(* For every centric $s$-vector $s$ and centric $y$-vector $y$, $$W_s=\mathrm{aff}(W_s)\cap W\qquad\text{and}\qquad W_y=\mathrm{aff}(W_y)\cap W,$$ where $\mathrm{aff}$ denotes affine hull.
   Context: Let $A\in\mathbb R^{m\times n}$ have full column rank $n\le m$ and $b\in\mathbb R^m$ be such that $\{x:Ax\le b\}$ is bounded with nonempty interior. For $w\in\mathbb R^m_{++}$ the weighted center of $w$ is the unique $(x,y,s)$ with $Ax+s=b$, $s>0$, $A^\top y=0$, $\mathrm{Diag}(s)y=w$ ($s$-vector $s$, $y$-vector $y$). $W=\{w\in\mathbb R^m:w>0,\ e^\top w=1\}$. Centric $s$-/$y$-vectors are the $s$-/$y$-vectors of weighted centers of elements of $W$. For centric $s$, $W_s=\{w\in W:$ $s$-vector of $w$ is $s\}$; for centric $y$, $W_y=\{w\in W:$ $y$-vector of $w$ is $y\}$. *)

theory Defs
  imports "HOL-Analysis.Analysis"
begin

definition polytope_set :: "real^'n^'m \<Rightarrow> real^'m \<Rightarrow> (real^'n) set" where
  "polytope_set A b = {x. \<forall>i. (A *v x) $ i \<le> b $ i}"

definition is_weighted_center ::
  "real^'n^'m \<Rightarrow> real^'m \<Rightarrow> real^'m \<Rightarrow> real^'n \<Rightarrow> real^'m \<Rightarrow> real^'m \<Rightarrow> bool" where
  "is_weighted_center A b w x y s \<longleftrightarrow>
     A *v x + s = b \<and> (\<forall>i. s $ i > 0) \<and> transpose A *v y = 0 \<and> (\<forall>i. s $ i * y $ i = w $ i)"

definition Wset :: "(real^'m) set" where
  "Wset = {w. (\<forall>i. w $ i > 0) \<and> (\<Sum>i\<in>UNIV. w $ i) = 1}"

definition s_vector_of :: "real^'n^'m \<Rightarrow> real^'m \<Rightarrow> real^'m \<Rightarrow> real^'m \<Rightarrow> bool" where
  "s_vector_of A b w s \<longleftrightarrow> (\<exists>x y. is_weighted_center A b w x y s)"

definition y_vector_of :: "real^'n^'m \<Rightarrow> real^'m \<Rightarrow> real^'m \<Rightarrow> real^'m \<Rightarrow> bool" where
  "y_vector_of A b w y \<longleftrightarrow> (\<exists>x s. is_weighted_center A b w x y s)"

definition centric_s :: "real^'n^'m \<Rightarrow> real^'m \<Rightarrow> real^'m \<Rightarrow> bool" where
  "centric_s A b s \<longleftrightarrow> (\<exists>w\<in>Wset. s_vector_of A b w s)"

definition centric_y :: "real^'n^'m \<Rightarrow> real^'m \<Rightarrow> real^'m \<Rightarrow> bool" where
  "centric_y A b y \<longleftrightarrow> (\<exists>w\<in>Wset. y_vector_of A b w y)"

definition W_s :: "real^'n^'m \<Rightarrow> real^'m \<Rightarrow> real^'m \<Rightarrow> (real^'m) set" where
  "W_s A b s = {w\<in>Wset. s_vector_of A b w s}"

definition W_y :: "real^'n^'m \<Rightarrow> real^'m \<Rightarrow> real^'m \<Rightarrow> (real^'m) set" where
  "W_y A b y = {w\<in>Wset. y_vector_of A b w y}"

end

theory Submission
  imports Defs
begin

text \<open>
  Both sets are cut out of the simplex \<open>W\<close> by an affine condition, and the trace of an
  affine set on \<open>W\<close> is the trace of its own affine hull.  Write \<open>*\<close> for the componentwise
  product, so that \<open>Diag(s) y = w\<close> reads \<open>s * y = w\<close>.  With \<open>s\<close> fixed, some \<open>x\<close> with
  \<open>A x + s = b\<close> exists once and for all, so \<open>w\<close> ranges over \<open>s * y\<close> with \<open>A\<^sup>T y = 0\<close>,
  a linear image of a subspace.  With \<open>y\<close> fixed (hence \<open>A\<^sup>T y = 0\<close> and \<open>y > 0\<close>),
  \<open>w\<close> ranges over \<open>y * (b - A x)\<close>, an affine image of the whole space; positivity of \<open>w\<close>
  then forces the slack \<open>b - A x\<close> to be positive.
\<close>

lemma affine_hull_Int_eq_Int:
  assumes "affine L"
  shows "affine hull (L \<inter> W) \<inter> W = L \<inter> W"
proof -
  have "affine hull (L \<inter> W) \<subseteq> L"
    using assms by (intro hull_minimal) auto
  then show ?thesis
    using hull_subset[of "L \<inter> W" affine] by auto
qed

lemma affine_range_affine_map:
  fixes f :: "'a::real_vector \<Rightarrow> 'b::real_vector"
  assumes "linear f"
  shows "affine (range (\<lambda>x. c + f x))"
proof -
  have "subspace (range f)"
    using assms by (intro linear_subspace_image subspace_UNIV)
  then have "affine ((+) c ` range f)"
    by (simp add: subspace_imp_affine flip: affine_translation)
  moreover have "range (\<lambda>x. c + f x) = (+) c ` range f"
    by auto
  ultimately show ?thesis
    by simp
qed

lemma is_weighted_center_iff_mult:
  "is_weighted_center A b w x y s \<longleftrightarrow>
     A *v x + s = b \<and> (\<forall>i. s $ i > 0) \<and> transpose A *v y = 0 \<and> s * y = w"
  by (simp add: is_weighted_center_def vec_eq_iff)

lemma W_s_eq_Int:
  assumes "centric_s A b s"
  shows "W_s A b s = (\<lambda>y. s * y) ` {y. transpose A *v y = 0} \<inter> Wset"
proof -
  obtain w0 x0 y0 where "is_weighted_center A b w0 x0 y0 s"
    using assms unfolding centric_s_def s_vector_of_def by blast
  then have "A *v x0 + s = b" "\<forall>i. s $ i > 0"
    by (simp_all add: is_weighted_center_iff_mult)
  then show ?thesis
    unfolding W_s_def s_vector_of_def is_weighted_center_iff_mult by blast
qed

lemma W_y_eq_Int:
  fixes A :: "real^'n^'m" and b y :: "real^'m"
  assumes "centric_y A b y"
  shows "W_y A b y = range (\<lambda>x. y * (b - A *v x)) \<inter> Wset"
proof -
  obtain w0 x0 s0 where w0: "w0 \<in> Wset" and c: "is_weighted_center A b w0 x0 y s0"
    using assms unfolding centric_y_def y_vector_of_def by blast
  have y_ker: "transpose A *v y = 0"
    using c by (simp add: is_weighted_center_def)
  have y_pos: "y $ i > 0" for i
    using c w0 zero_less_mult_pos[of "s0 $ i" "y $ i"]
    by (auto simp: is_weighted_center_def Wset_def)
  have s_pos: "s $ i > 0" if "y * s \<in> Wset" for s :: "real^'m" and i
    using that y_pos[of i] zero_less_mult_pos[of "y $ i" "s $ i"] by (auto simp: Wset_def)
  show ?thesis
  proof (intro set_eqI iffI)
    fix w assume "w \<in> W_y A b y"
    then obtain x s where "w \<in> Wset" "A *v x + s = b" "s * y = w"
      unfolding W_y_def y_vector_of_def is_weighted_center_iff_mult by blast
    then have "w = y * (b - A *v x)"
      by (metis add_diff_cancel_left' mult.commute)
    with \<open>w \<in> Wset\<close> show "w \<in> range (\<lambda>x. y * (b - A *v x)) \<inter> Wset"
      by blast
  next
    fix w assume "w \<in> range (\<lambda>x. y * (b - A *v x)) \<inter> Wset"
    then obtain x where "w \<in> Wset" "w = y * (b - A *v x)"
      by auto
    then have "(b - A *v x) * y = w" "\<forall>i. (b - A *v x) $ i > 0"
      using s_pos[of "b - A *v x"] by (simp_all add: mult.commute)
    with y_ker \<open>w \<in> Wset\<close> show "w \<in> W_y A b y"
      unfolding W_y_def y_vector_of_def is_weighted_center_iff_mult by force
  qed
qed

theorem lemmaA4:
  fixes A :: "real^'n^'m" and b :: "real^'m" and s y :: "real^'m"
  assumes "rank A = CARD('n)"
    and "bounded (polytope_set A b)"
    and "interior (polytope_set A b) \<noteq> {}"
    and "centric_s A b s"
    and "centric_y A b y"
  shows "W_s A b s = affine hull (W_s A b s) \<inter> Wset
     \<and> W_y A b y = affine hull (W_y A b y) \<inter> Wset"
proof -
  have "affine ((\<lambda>v. s * v) ` {v. transpose A *v v = 0})"
    by (intro subspace_imp_affine linear_subspace_image linear_times
        linear_subspace_kernel matrix_vector_mul_linear)
  moreover have "affine (range (\<lambda>x. y * (b - A *v x)))"
    using affine_range_affine_map[of "\<lambda>x. - (y * (A *v x))" "y * b"]
      linear_compose[OF matrix_vector_mul_linear[of A] linear_times[of y]]
    by (simp add: algebra_simps linear_compose_neg o_def)
  ultimately show ?thesis
    using affine_hull_Int_eq_Int W_s_eq_Int[OF assms(4)] W_y_eq_Int[OF assms(5)] by metis
qed

end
——
WORK ITEM:
Please find each line in the records above that holds the word "mathrm", and copy it.

SOLUTION FOR THIS PROBLEM:
(* For every centric $s$-vector $s$ and centric $y$-vector $y$, $$W_s=\mathrm{aff}(W_s)\cap W\qquad\text{and}\qquad W_y=\mathrm{aff}(W_y)\cap W,$$ where $\mathrm{aff}$ denotes affine hull.
   Context: Let $A\in\mathbb R^{m\times n}$ have full column rank $n\le m$ and $b\in\mathbb R^m$ be such that $\{x:Ax\le b\}$ is bounded with nonempty interior. For $w\in\mathbb R^m_{++}$ the weighted center of $w$ is the unique $(x,y,s)$ with $Ax+s=b$, $s>0$, $A^\top y=0$, $\mathrm{Diag}(s)y=w$ ($s$-vector $s$, $y$-vector $y$). $W=\{w\in\mathbb R^m:w>0,\ e^\top w=1\}$. Centric $s$-/$y$-vectors are the $s$-/$y$-vectors of weighted centers of elements of $W$. For centric $s$, $W_s=\{w\in W:$ $s$-vector of $w$ is $s\}$; for centric $y$, $W_y=\{w\in W:$ $y$-vector of $w$ is $y\}$. *)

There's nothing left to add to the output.